_Work order_: In the records below, locate the line containing "ultimately show ?thesis", then extract it and all following lines exactly, ending with the last line.
Data extracts Start Marker
lemma maker_time_pairing_strategy:
  assumes "finite V" and X: "pair_family V X"
    and wins: "\<And>S. M0 \<subseteq> S \<Longrightarrow> S \<subseteq> V \<Longrightarrow> \<forall>P\<in>X. P \<inter> S \<noteq> {} \<Longrightarrow> W S"
  shows "M0 \<subseteq> M \<Longrightarrow> M \<subseteq> V \<Longrightarrow> card (V - (M \<union> B)) \<le> n \<Longrightarrow>
    \<forall>P\<in>X. P \<inter> M = {} \<longrightarrow> P \<inter> B = {} \<Longrightarrow>
    maker_time W V n M B False \<le> enat (card M + card {P\<in>X. P \<inter> M = {}})"
proof (induction n arbitrary: M B rule: less_induct)
  case (less n)
  let ?U = "{P\<in>X. P \<inter> M = {}}" and ?F = "V - (M \<union> B)"
  have finX: "finite X" and pairs: "\<And>P. P \<in> X \<Longrightarrow> P \<subseteq> V \<and> card P = 2"
    and disj: "\<And>P Q. P \<in> X \<Longrightarrow> Q \<in> X \<Longrightarrow> P \<noteq> Q \<Longrightarrow> P \<inter> Q = {}"
    using pair_familyD[OF X] by auto
  show ?case
  proof (cases "W M")
    case True
    then show ?thesis by (cases n) simp_all
  next
    case False
    then have "\<not> (\<forall>P\<in>X. P \<inter> M \<noteq> {})" using wins[of M] less.prems(1,2) by blast
    then obtain P where P: "P \<in> ?U" by blast
    then obtain a where "a \<in> P" using pairs by (force simp: card_2_iff)
    then have "a \<in> ?F" using P pairs less.prems(4) by blast
    then have "0 < card ?F" using assms(1) card_gt_0_iff by blast
    then obtain m where m: "n = Suc m" using less.prems(3) by (cases n) auto
    have ne: "?F \<noteq> {}" using \<open>a \<in> ?F\<close> by blast
    have "maker_time W V m M (insert y B) True \<le> enat (card M + card ?U)" if y: "y \<in> ?F" for y
    proof -
      have "?U \<subseteq> X" "?U \<noteq> {}" "\<forall>P\<in>?U. P \<inter> B = {}" using P less.prems(4) by auto
      then obtain Q v where Q: "Q \<in> ?U" and v: "v \<in> Q" "v \<notin> insert y B" and others: "\<forall>P\<in>?U - {Q}. y \<notin> P"
        by (rule pair_family_reply[OF X])
      have "v \<in> V - (M \<union> insert y B)" using Q v pairs by blast
      then have "0 < card (V - insert y (M \<union> B))" using assms(1) card_gt_0_iff by auto
      then obtain m' where m': "m = Suc m'" using less.prems(3) m y by (cases m) auto
      have U': "{P\<in>X. P \<inter> insert v M = {}} = ?U - {Q}" using Q v disj by blast
      have "maker_time W V m M (insert y B) True
          = (MIN u\<in>V - (M \<union> insert y B). maker_time W V m' (insert u M) (insert y B) False)"
        using m' False \<open>v \<in> V - (M \<union> insert y B)\<close> by (simp only: maker_time_Suc_ongoing) auto
      also have "\<dots> \<le> maker_time W V m' (insert v M) (insert y B) False"
        using \<open>v \<in> V - (M \<union> insert y B)\<close> assms(1) by (intro Min_le) auto
      also have "\<dots> \<le> enat (card (insert v M) + card {P\<in>X. P \<inter> insert v M = {}})"
      proof (rule less.IH)
        show "m' < n" using m m' by simp
        show "M0 \<subseteq> insert v M" "insert v M \<subseteq> V" using less.prems(1,2) Q v pairs[of Q] by auto
        have "card (V - insert y (M \<union> B)) = card ?F - 1"
          by (rule card_Diff_insert) (use y in auto)
        moreover have "card (V - insert v (insert y (M \<union> B))) = card (V - insert y (M \<union> B)) - 1"
          by (rule card_Diff_insert) (use \<open>v \<in> V - (M \<union> insert y B)\<close> in auto)
        moreover have "insert v M \<union> insert y B = insert v (insert y (M \<union> B))" by auto
        ultimately show "card (V - (insert v M \<union> insert y B)) \<le> m'"
          using less.prems(3) m m' by (simp only:)
        show "\<forall>P\<in>X. P \<inter> insert v M = {} \<longrightarrow> P \<inter> insert y B = {}"
        proof (intro ballI impI)
          fix P assume "P \<in> X" "P \<inter> insert v M = {}"
          then have "P \<in> ?U - {Q}" using U' by blast
          then show "P \<inter> insert y B = {}" using others less.prems(4) by blast
        qed
      qed
      also have "\<dots> = enat (card M + card ?U)"
      proof -
        have "v \<notin> M" using v(1) Q by blast
        then have "card (insert v M) = Suc (card M)"
          using finite_subset[OF less.prems(2) assms(1)] by simp
        moreover have "card (?U - {Q}) = card ?U - 1" "card ?U \<ge> 1"
          using Q finX by (auto simp: card_Diff_singleton Suc_le_eq card_gt_0_iff)
        ultimately show ?thesis using U' by simp
      qed
      finally show ?thesis .
    qed
    then show ?thesis using m False ne assms(1) by simp
  qed
qed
Data extracts End Marker
_Solved exercise_:
        ultimately show ?thesis using U' by simp
      qed
      finally show ?thesis .
    qed
    then show ?thesis using m False ne assms(1) by simp
  qed
qed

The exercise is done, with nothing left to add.